Sama halnya ketika dia mengatakan, "Siapapun yang menampar pipi kananmu, berilah juqa kepadanya pipi kirimu!" Seandainya dia memerintahkan hal itu seperti seorang pembuat hukum yang ingin memberitahukan kehendaknya kepada para hakim berarti telah melenyapkan syariat Musa. Padahal dia sendiri dengan terus terang sudah .melarangnya (Matius 5:17).4) Oleh karena itu kita harus mencari untuk siapa, kepada siapa dan kapan dia mengatakan hal itu. Dalam hal ini yang mengatakannya tentu saja adalah Almasih yang tidak pernah membuat undang-undang selayaknya seorang legislator atau badan legislatif. Sebaliknya dia hanya menyampaikan ajaran­ajaran selayaknya seorang guru. Tujuannya bukan untuk memperbaiki perbuatan-perbuatan lahir tetapi untuk memperbaiki jiwa atau batin seseorang. Ungkapan itu dia sampaikan kepada orang-orang yang tertindas, hidup di negara yang tidak mengenal keadilan sama sekali dan tampaknya sudah berada di ambang kehancuran. Di sisi lain ungkapan yang mirip dengan ungkapan Almasih yang dia sampaikan pada saat kota Yerusalem terancam hancur ini juga pernah disampaikan oleh Yeremia pada saat penghancuran kota itu untuk yang pertama kali. Dengan kata lain, Yeremia mengatakannya pada kesempatan yang hampir sama.5) Maka, selama para nabi memberikan ajaran-ajaran itu hanya pada waktu penindasan dan tidak pernah merumuskannya dalam bentuk undang-undang. Bahkan Musa yang tidak menulis pada zaman penindasan, sebaliknya tengah berusaha untuk mendirikan negara yang benar, dia memerintahkan untuk membalas mata dengan mata meskipun waktu itu adalah waktu balas dendam dan membenci tetangga. Dari sini tampak jelas dengan sejelas­jelasnya bahwa menurut prinsip-prinsip kitab suci itu sendiri ajaran-ajaran yang disampaikan oleh Almasih dan Yeremia itu -maksudnya menerima kelaliman dan tidak melawan kejahatan- hanya berlaku pada saat orang-orang tidak menikmati keadilan dan sedang ditindas, bukan pada masyarakat yang sehat. Dengan demikian dalam masyarakat yang sehat dan menjaga keadilan, setiap orang -jika menginginkan keadilan- harus meminta kepada hakim agar menghukum orang yang berbuat aniaya kepadanya (lihat Imamat 5:1).6).Bukan untuk balas dendam (Imamat 19: 17,18).7) tetapi untuk membela keadilan dan undang­undang negara, juga agar para penjahat tidak sempat memetik buah kejahatan mereka.

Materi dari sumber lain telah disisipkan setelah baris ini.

lemma threshold_poly_scaled:
  assumes "z * d = \<gamma> - 1"
  shows "threshold_poly m \<gamma> z * d^2
    = (m*((\<gamma>-1)*d - (\<gamma>-1)*(3*\<gamma> + 2 - \<gamma>^2))/2)^2
      - (d + (\<gamma>-2)*(\<gamma>-1)) * (m*((\<gamma>-1)*d - (\<gamma>-1)*(3*\<gamma> + 2 - \<gamma>^2))/2) * (2 + m*(\<gamma>-1))
      + \<gamma>*(\<gamma>-1)*d*(2 + m*(\<gamma>-1))^2"
proof -
  have "threshold_poly m \<gamma> z * d^2
    = (m*((\<gamma>-1)*d - (z*d)*(3*\<gamma> + 2 - \<gamma>^2))/2)^2
      - (d + (\<gamma>-2)*(z*d)) * (m*((\<gamma>-1)*d - (z*d)*(3*\<gamma> + 2 - \<gamma>^2))/2) * (2 + m*(\<gamma>-1))
      + \<gamma>*(z*d)*d*(2 + m*(\<gamma>-1))^2"
    unfolding threshold_poly_def a1_def a2_def by (simp add: field_simps power2_eq_square)
  then show ?thesis unfolding assms .
qed

lemma threshold_poly_zm_pos:
  assumes hm: "m = 1 \<or> m = 2" and h\<gamma>: "1 < \<gamma>" "\<gamma> \<le> 3"
  shows "threshold_poly m \<gamma> (zm \<gamma>) > 0"
proof -
  define k where "k = \<gamma> - 1"
  define d where "d = (2*\<gamma> - 1)*(\<gamma> + 1)"
  have k: "0 < k" "k \<le> 2" using h\<gamma> k_def by auto
  have d: "0 < d" unfolding d_def using h\<gamma> by simp
  have k_powers: "0 \<le> k^2" "0 \<le> k^3" "0 \<le> k^4" "0 \<le> k^5" "k^6 \<le> 4*k^4"
  proof -
    show "0 \<le> k^2" "0 \<le> k^3" "0 \<le> k^4" "0 \<le> k^5" using k by auto
    have "k^4 * k^2 \<le> k^4 * 2^2" using k by (intro mult_left_mono power_mono) auto
    then show "k^6 \<le> 4*k^4" by (simp add: power_add[symmetric] mult.commute)
  qed
  have "zm \<gamma> * d = \<gamma> - 1" using h\<gamma> unfolding zm_def d_def by simp
  note scaled = threshold_poly_scaled[OF this, of m]
  have "threshold_poly m \<gamma> (zm \<gamma>) * d^2 > 0"
  proof (cases "m = 1")
    case True
    have "threshold_poly m \<gamma> (zm \<gamma>) * d^2 = 12*k + 39*k^2 + 38*k^3 + 12*k^4 - k^6/4"
      unfolding scaled unfolding True d_def k_def by algebra
    then show ?thesis using k k_powers by linarith
  next
    case False
    then have "m = 2" using hm by simp
    have "threshold_poly m \<gamma> (zm \<gamma>) * d^2 = 16*k + 56*k^2 + 44*k^3 + 16*k^4 + 2*k^5 - k^6"
      unfolding scaled unfolding \<open>m = 2\<close> d_def k_def by algebra
    then show ?thesis using k k_powers by linarith
  qed
  then show ?thesis using d by (simp add: zero_less_mult_iff)
qed

lemma threshold_poly_pos:
  assumes hm: "m = 1 \<or> m = 2" and h\<gamma>: "1 < \<gamma>" "\<gamma> \<le> 3" and z: "zm \<gamma> \<le> z"
  shows "0 < threshold_poly m \<gamma> z"
proof (rule convex_quadratic_pos_beyond[OF threshold_poly_expand])
  show "0 < threshold_poly m \<gamma> (zm \<gamma>)" using threshold_poly_zm_pos assms by blast
qed (use assms zm_pos threshold_poly_leading_coeff_nonneg threshold_poly_zero_neg in auto)

lemma C8_properties:
  assumes hm: "m = 1 \<or> m = 2" and h\<gamma>: "1 < \<gamma>" "\<gamma> \<le> 3" and z: "0 < z" "z \<le> zM \<gamma>"
  shows "(C8 \<gamma> z)^2 - (1 + (\<gamma>-2)*z) * C8 \<gamma> z + \<gamma>*z = 0"
    and "0 < C8 \<gamma> z" and "FV_threshold m \<gamma> z < C8 \<gamma> z"
proof -
  have rad: "0 \<le> 1 - 2*(\<gamma>+2)*z + (\<gamma>-2)^2*z^2" using ww_radicand_nonneg h\<gamma> z by simp
  then show "(C8 \<gamma> z)^2 - (1 + (\<gamma>-2)*z) * C8 \<gamma> z + \<gamma>*z = 0"
    using root_of_monic_quadratic[OF ww_square[OF rad] disjI1[OF C8_eq]] by simp
  have "0 \<le> ww \<gamma> z" unfolding ww_def using rad by simp
  then have mid: "1 + (\<gamma>-2)*z \<le> 2 * C8 \<gamma> z" using C8_eq by simp
  moreover have "2 * FV_threshold m \<gamma> z < 1 + (\<gamma>-2)*z"
    using FV_threshold_below_midpoint hm h\<gamma> z by auto
  ultimately show "FV_threshold m \<gamma> z < C8 \<gamma> z" by simp
  have "0 < 1 + (\<gamma>-2)*z" using root_sum_pos h\<gamma> z zM_less_quarter[of \<gamma>] by simp
  then show "0 < C8 \<gamma> z" using mid by simp
qed

lemma C6_properties:
  assumes hm: "m = 1 \<or> m = 2" and h\<gamma>: "1 < \<gamma>" "\<gamma> \<le> 3" and z: "zm \<gamma> \<le> z" "z \<le> zM \<gamma>"
  shows "(C6 \<gamma> z)^2 - (1 + (\<gamma>-2)*z) * C6 \<gamma> z + \<gamma>*z = 0"
    and "0 < C6 \<gamma> z" and "FV_threshold m \<gamma> z < C6 \<gamma> z"
proof -
  have z0: "0 < z" using zm_pos[OF h\<gamma>(1)] z by simp
  have rad: "0 \<le> 1 - 2*(\<gamma>+2)*z + (\<gamma>-2)^2*z^2" using ww_radicand_nonneg h\<gamma> z z0 by simp
  show root: "(C6 \<gamma> z)^2 - (1 + (\<gamma>-2)*z) * C6 \<gamma> z + \<gamma>*z = 0"
    using root_of_monic_quadratic[OF ww_square[OF rad] disjI2[OF C6_eq]] by simp
  have w: "0 \<le> ww \<gamma> z" unfolding ww_def using rad by simp
  have s: "0 < 1 + (\<gamma>-2)*z" using root_sum_pos h\<gamma> z z0 zM_less_quarter[of \<gamma>] by simp
  have "(ww \<gamma> z)^2 < (1 + (\<gamma>-2)*z)^2" using ww_square[OF rad] h\<gamma> z0 by simp
  then have "ww \<gamma> z < 1 + (\<gamma>-2)*z" using s w by (simp add: power_less_imp_less_base)
  then show "0 < C6 \<gamma> z" using C6_eq[of \<gamma> z] by simp
  show "FV_threshold m \<gamma> z < C6 \<gamma> z"
  proof (rule below_smaller_root[OF root])
    show "2 * C6 \<gamma> z \<le> 1 + (\<gamma>-2)*z" using C6_eq[of \<gamma> z] w by simp
    show "2 * FV_threshold m \<gamma> z < 1 + (\<gamma>-2)*z"
      using FV_threshold_below_midpoint hm h\<gamma> z0 by auto
    have m: "0 < m" using hm by auto
    have "0 < threshold_poly m \<gamma> z" using threshold_poly_pos hm h\<gamma> z by blast
    then show "0 < (FV_threshold m \<gamma> z)^2 - (1 + (\<gamma>-2)*z) * FV_threshold m \<gamma> z + \<gamma>*z"
      unfolding threshold_poly_eq[OF m h\<gamma>(1)] using a1_pos[OF m h\<gamma>(1)]
      by (simp add: zero_less_mult_iff)
  qed
qed
(* Let $p$ be an odd prime, $k\ge2$ and $s=k+2$. Put $S=\sum_{j=0}^{k-1}p^j$ and $C=2(k+1)p^{k+1}-1$. For $0\le l<p^k$, the $p^k$-Fibonacci number of $V_{s,l}$ is as follows. (a) If $l=0$: $\mathcal M_{V_{s,l}}=\frac{p-1}{2}\,C$. (b) If $0\le i\le k-2$, $1\le t\le p-1$ and $(t-1)\sum_{\iota=i}^{k-1}p^\iota+p^i\le l\le (t-1)\sum_{\iota=i+1}^{k-1}p^\iota+p^{i+1}-1$: $\mathcal M_{V_{s,l}}=\frac{p-1}{2}\big(C+2tS-2\sum_{\mu=0}^{k-i-2}p^\mu\big)$ if $1\le t\le\frac{p-1}{2}$, and $\mathcal M_{V_{s,l}}=\frac{p-1}{2}\big(C+(2t-2p)S-2\sum_{\mu=0}^{k-i-2}p^\mu\big)$ if $\frac{p+1}{2}\le t\le p-1$. (c) If $1\le t\le p-1$, $t\neq\frac{p-1}{2}$, and $tp^{k-1}\le l\le tS$: $\mathcal M_{V_{s,l}}=\frac{p-1}{2}(C+2tS)$ if $1\le t\le\frac{p-3}{2}$, and $\mathcal M_{V_{s,l}}=\frac{p-1}{2}(C+(2t-2p)S)$ if $\frac{p+1}{2}\le t\le p-1$. (d) If $1\le i'\le k-1$ and $\frac{p-1}{2}\sum_{\iota=i'}^{k-1}p^\iota\le l\le\frac{p-1}{2}\sum_{\iota=i'-1}^{k-1}p^\iota-1$: $\mathcal M_{V_{s,l}}=\frac{p-1}{2}\Big(C-p^k-2\sum_{\theta=1}^{k-1}p^\theta+2\sum_{\mu=k-i'+1}^{k}p^\mu-1\Big)$. (e) If $l=\frac{p-1}{2}S$: $\mathcal M_{V_{s,l}}=\frac{p-1}{2}\Big(C-p^k-2\sum_{\theta=1}^{k-1}p^\theta-1\Big)$.
   Context: Fix an odd prime $p$ and an integer $k\ge 0$. For integers $0\le i<n$ write $\lambda(n,i)=(n-i,1^i)$ for the hook partition of $n$ with $n-i$ boxes in its first row and $i$ further boxes in its first column. If $\mu=\lambda(n',i')$ is obtained from $\lambda(n,i)$ by appending $m=(n'-i')-(n-i)\ge 0$ boxes to the first row and $n''=i'-i\ge 0$ boxes to the first column, we say $\mu$ is obtained by adding the block $B_{m,n''}$ ($m$ horizontal nodes, $n''$ vertical nodes). Put $x_s=p^k(sp-(s+1))$. The relevant part ("column $k$") of the $p$-Bratteli diagram is the graded directed graph with vertices: on floor $2k+1$, $S_i=\lambda(p^k(p-1),i)$ for $0\le i<p^k(p-1)$; on floor $2(k+s)$ ($s\ge1$), $V_{s,l}=\lambda\big(p^k(2sp-(2s+1)),\,x_s+l\big)$ for $0\le l<p^k$; on floor $2(k+s)-1$ ($s\ge2$), $W_{s,l'}=\lambda\big(p^k((2s-1)p-2s),\,x_{s-1}+l'\big)$ for $0\le l'<p^{k+1}$; and edges, each labelled by the block added: (E1) $S_i\to V_{1,l}$ exactly when $i=p^kt+l$ with $0\le t\le p-2$, block $B_{p^kt,\,p^k(p-2-t)}$; (E2) for $s\ge2$, $0\le l<p^k$, $0\le\beta\le p-1$: $V_{s-1,l}\to W_{s,pl+\beta}$, block $B_{p^k(p-1)-((p-1)l+\beta),\,(p-1)l+\beta}$; (E3) for $s\ge 2$, $0\le l'<p^{k+1}$ and $t=\lfloor l'/p^k\rfloor$: $W_{s,l'}\to V_{s,l'-p^kt}$, block $B_{p^kt,\,p^k(p-1-t)}$. A path ending at a vertex $v$ is a sequence of edges starting at some $S_i$ and going up one floor at a time to $v$ ($S_i\to V_{1,\cdot}\to W_{2,\cdot}\to V_{2,\cdot}\to W_{3,\cdot}\to\cdots\to v$); $\mathcal P(v)$ is the set of all paths ending at $v$. The blocks of a path are numbered $B^2,B^3,\dots,B^N$: $B^2$ is the block of the edge leaving $S_i$, and for $j\ge2$, $B^{2j-1}$ is the block of the edge into $W_{j,\cdot}$ and $B^{2j}$ the block of the edge into $V_{j,\cdot}$. Write $B^j=B_{m_j,n_j}$. Descents: $1\in\mathrm{Des}(P)$ iff $m_2=p^kt$ with $0\le t<\frac{p-1}{2}$; $2\notin\mathrm{Des}(P)$; for $3\le j<N$, $j\in\mathrm{Des}(P)$ iff $m_j>m_{j+1}$ and $n_j<n_{j+1}$. $\mathrm{des}(P)=|\mathrm{Des}(P)|$. The $p^k$-Fibonacci number of a vertex $v$ is $\mathcal M_v=\sum_{P\in\mathcal P(v)}\mathrm{des}(P)$. *)

theory Defs
  imports "HOL-Computational_Algebra.Primes"
begin

text \<open>Vertices of column k of the p-Bratteli diagram, by their labels:
  Sv i = S_i (floor 2k+1), Vv s l = V_{s,l} (floor 2(k+s)), Wv s l' = W_{s,l'} (floor 2(k+s)-1).\<close>
datatype bvtx = Sv nat | Vv nat nat | Wv nat nat

fun bedge :: "nat \<Rightarrow> nat \<Rightarrow> bvtx \<Rightarrow> bvtx \<Rightarrow> bool" where
  "bedge p k (Sv i) (Vv s l) =
     (s = 1 \<and> i < p^k * (p - 1) \<and> l < p^k \<and> (\<exists>t. t \<le> p - 2 \<and> i = p^k * t + l))"
| "bedge p k (Vv s0 l) (Wv s l') =
     (2 \<le> s \<and> s0 = s - 1 \<and> l < p^k \<and> l' < p^(k+1) \<and> (\<exists>\<beta>. \<beta> \<le> p - 1 \<and> l' = p * l + \<beta>))"
| "bedge p k (Wv s l') (Vv s2 l) =
     (2 \<le> s \<and> s2 = s \<and> l' < p^(k+1) \<and> l < p^k \<and> l = l' - p^k * (l' div p^k))"
| "bedge p k _ _ = False"

text \<open>Block labelling an edge, as a pair (m, n) = (horizontal nodes, vertical nodes).\<close>
fun bblock :: "nat \<Rightarrow> nat \<Rightarrow> bvtx \<Rightarrow> bvtx \<Rightarrow> nat \<times> nat" where
  "bblock p k (Sv i) (Vv s l) = (let t = i div p^k in (p^k * t, p^k * (p - 2 - t)))"
| "bblock p k (Vv s0 l) (Wv s l') =
     (let \<beta> = l' - p * l in (p^k * (p - 1) - ((p - 1) * l + \<beta>), (p - 1) * l + \<beta>))"
| "bblock p k (Wv s l') (Vv s2 l) = (let t = l' div p^k in (p^k * t, p^k * (p - 1 - t)))"
| "bblock p k _ _ = (0, 0)"

definition bpaths :: "nat \<Rightarrow> nat \<Rightarrow> bvtx \<Rightarrow> bvtx list set" where
  "bpaths p k v = {vs. vs \<noteq> [] \<and> (\<exists>i. hd vs = Sv i \<and> i < p^k * (p - 1)) \<and> last vs = v \<and>
      (\<forall>j. Suc j < length vs \<longrightarrow> bedge p k (vs ! j) (vs ! Suc j))}"

text \<open>Block B^j = B_{m_j,n_j} of a path (2 \<le> j \<le> N = length of the vertex list).\<close>
definition Bm :: "nat \<Rightarrow> nat \<Rightarrow> bvtx list \<Rightarrow> nat \<Rightarrow> nat" where
  "Bm p k vs j = fst (bblock p k (vs ! (j - 2)) (vs ! (j - 1)))"

definition Bn :: "nat \<Rightarrow> nat \<Rightarrow> bvtx list \<Rightarrow> nat \<Rightarrow> nat" where
  "Bn p k vs j = snd (bblock p k (vs ! (j - 2)) (vs ! (j - 1)))"

definition Des :: "nat \<Rightarrow> nat \<Rightarrow> bvtx list \<Rightarrow> nat set" where
  "Des p k vs = {j. (j = 1 \<and> 2 \<le> length vs \<and> (\<exists>t. Bm p k vs 2 = p^k * t \<and> 2 * t < p - 1))
      \<or> (3 \<le> j \<and> j < length vs \<and> Bm p k vs j > Bm p k vs (j + 1) \<and> Bn p k vs j < Bn p k vs (j + 1))}"

definition des :: "nat \<Rightarrow> nat \<Rightarrow> bvtx list \<Rightarrow> nat" where
  "des p k vs = card (Des p k vs)"

definition fibM :: "nat \<Rightarrow> nat \<Rightarrow> bvtx \<Rightarrow> nat" where
  "fibM p k v = (\<Sum>P\<in>bpaths p k v. des p k P)"

end

(*
  A path ending at V_{s,l} is determined by its start S_{p^k t + l'} (t < p - 1) and by one digit
  a < p per W-vertex: V_{j,m} is entered from W_{j, a p^k + m}, which is entered from
  V_{j-1, (a p^k + m) div p}.  Writing these digits above the base-p digits of l gives a number
  D = U p^k + l with U < p^(s-1), and the W-vertex j floors below the top is W_{s-j, w_j} with the
  window w_j = D div p^j mod p^(k+1).

  Position 1 is a descent for h = (p-1)/2 of the
  p - 1 values of t, position 2 never is.  With R_n = 1 + p + ... + p^(n-1), the vertex W_{j,w}
  is a descent iff w < h R_(k+1), and a vertex V entered from W_{j, a p^k + m} and left towards
  W_{j+1,w} is one iff (p - 1 - a) R_(k+1) < w: in both cases the block comparison is a monotone
  step function of w crossing its level at that point.  Hence M_(V_(s,l)) is h p^(s-1) plus
  p - 1 times the total number of descents coded by the numbers D.

  For s = k + 2 the windows run through all residues, so the sum over U is a count in
  lexicographic order; it gives M = h (C - 2 p S + 2 X + 2 Y), where X and Y (half_weight and
  rank_weight) depend on l only through the truncations l div p^j.  On each of the ranges (a)-(e)
  these truncations lie between consecutive multiples of repunits, which evaluates X and Y.
*)

theory Submission
  imports Defs
begin

lemma digit_add_less:
  fixes a l n P :: nat
  assumes "a < n" "l < P"
  shows "a * P + l < n * P"
proof -
  have "a * P + l < (a + 1) * P" using assms by simp
  also have "\<dots> \<le> n * P" using assms by (intro mult_right_mono) auto
  finally show ?thesis .
qed

lemma mono_less_iff_le:
  fixes g :: "nat \<Rightarrow> 'a::linorder"
  assumes "mono g" "g n < c" "c \<le> g (Suc n)"
  shows "g w < c \<longleftrightarrow> w \<le> n"
proof
  assume "g w < c"
  show "w \<le> n"
  proof (rule ccontr)
    assume "\<not> w \<le> n"
    then have "g (Suc n) \<le> g w" using assms(1) by (simp add: monoD)
    with \<open>g w < c\<close> assms(3) show False by simp
  qed
next
  assume "w \<le> n"
  then show "g w < c" using assms(1,2) by (meson le_less_trans monoD)
qed

lemma sum_lessThan_mult:
  fixes f :: "nat \<Rightarrow> 'a::comm_monoid_add"
  shows "(\<Sum>x<N * M. f x) = (\<Sum>u<N. \<Sum>a<M. f (u * M + a))"
proof -
  have "(\<Sum>x<N * M. f x) = (\<Sum>u<N. sum f {u * M..<u * M + M})"
    using sum.nat_group[of f M N] by simp
  also have "\<dots> = (\<Sum>u<N. \<Sum>a<M. f (u * M + a))"
  proof (rule sum.cong[OF refl])
    fix u
    have "sum f {0 + u * M..<M + u * M} = (\<Sum>a\<in>{0..<M}. f (a + u * M))"
      by (rule sum.shift_bounds_nat_ivl)
    then show "sum f {u * M..<u * M + M} = (\<Sum>a<M. f (u * M + a))"
      by (simp add: add.commute atLeast0LessThan)
  qed
  finally show ?thesis .
qed

lemma sum_lessThan_mult_mod:
  fixes g :: "nat \<Rightarrow> nat"
  shows "(\<Sum>U<N * M. g (U mod M)) = N * (\<Sum>a<M. g a)"
  by (simp add: sum_lessThan_mult)

lemma sum_of_bool_less: "(\<Sum>t<n. of_bool (t < m)) = min n (m::nat)"
  by (induction n) auto

lemma sum_of_bool_le: "(\<Sum>a<n. of_bool (m \<le> a)) = n - (m::nat)"
  by (induction n) auto

lemma lex_less_iff:
  fixes a b X Y Q :: nat
  assumes "X < Q" "Y < Q"
  shows "a * Q + X < b * Q + Y \<longleftrightarrow> a < b \<or> (a = b \<and> X < Y)"
proof (cases a b rule: linorder_cases)
  case less
  with assms digit_add_less[of a b X Q] show ?thesis by simp
next
  case greater
  with assms digit_add_less[of b a Y Q] show ?thesis by simp
qed simp
theorem mainTheorem8:
  fixes k k' :: nat and w x y z :: "bool list"
  assumes "1 \<le> k'" and "k' \<le> k"
    and "length w \<ge> length x" and "length x \<ge> length y" and "length y \<ge> length z"
    and "top_sorted k' w" and "top_sorted k' x" and "top_sorted k' y" and "top_sorted k' z"
    and "length w + length x + length y + length z \<ge> k"
  shows "top_sorted k' (merge4 k w x y z)"
proof -
  let ?r = "merge4 k w x y z"
  let ?ones = "\<lambda>v. count (mset v) True"
  have inputs: "min k' (?ones v) \<le> leading_ones v" if "top_sorted k' v" for v
    using that top_sorted_iff_leading_ones by blast
  have "min k' (?ones ?r) = min k' (?ones w + ?ones x + ?ones y + ?ones z)"
    using mset_merge4[OF assms(3-5)] by simp
  also have "\<dots> \<le> min k (leading_ones w + leading_ones x + leading_ones y + leading_ones z)"
  proof -
    have "min k' (?ones w + ?ones x + ?ones y + ?ones z)
        \<le> min k' (?ones w) + min k' (?ones x) + min k' (?ones y) + min k' (?ones z)"
      by arith
    then show ?thesis
      using inputs[OF assms(6)] inputs[OF assms(7)] inputs[OF assms(8)] inputs[OF assms(9)] assms(2)
      by (simp add: min.coboundedI1)
  qed
  also have "\<dots> \<le> leading_ones ?r"
    by (rule leading_ones_merge4[OF assms(3-5)])
  finally show ?thesis
    unfolding top_sorted_iff_leading_ones .
qed

end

Semua ini betul-betul sejalan dengan cahaya natural. Sebetulnya masih bisa diberikan berbagai contoh lain mengenai hal ini, tetapi kami melihat bahwa yang disampaikan saat ini sudah cukup untuk memaparkan pikiran kami dan menjelaskan manfaatnya. Dan memang inilah tujuannya saat ini. Hanya saja sampai kini kita baru mejelaskan kemungkinan mempelajari teks-teks kitab suci yang berkenaan dengan urusan-urusan kehidupan. Mempelajari kitab suci dari topik ini adalah mudah. Para penulis kitab suci tidak banyak berbeda. Lain halnya dengan topik-topik lain yang sudah masuk dalam ruang pemikiran teoritis saja. Untuk sampai kepadanya sulit. Jalannya pun sempit. Para nabi tidak sepakat dalam masalah-masalah semacam itu. Penuturan-penuturan mereka tampak disiapkan sejauh mungkin bisa sesuai dengan penilaian masa lalu. Untuk itu kita tidak boleh memahami perkataan seorang nabi dari perkataan nabi lain yang lebih jelas, kecuali jika telah terbukti secara betul­betul jelas bahwa pandangan kedua nabi itu sama.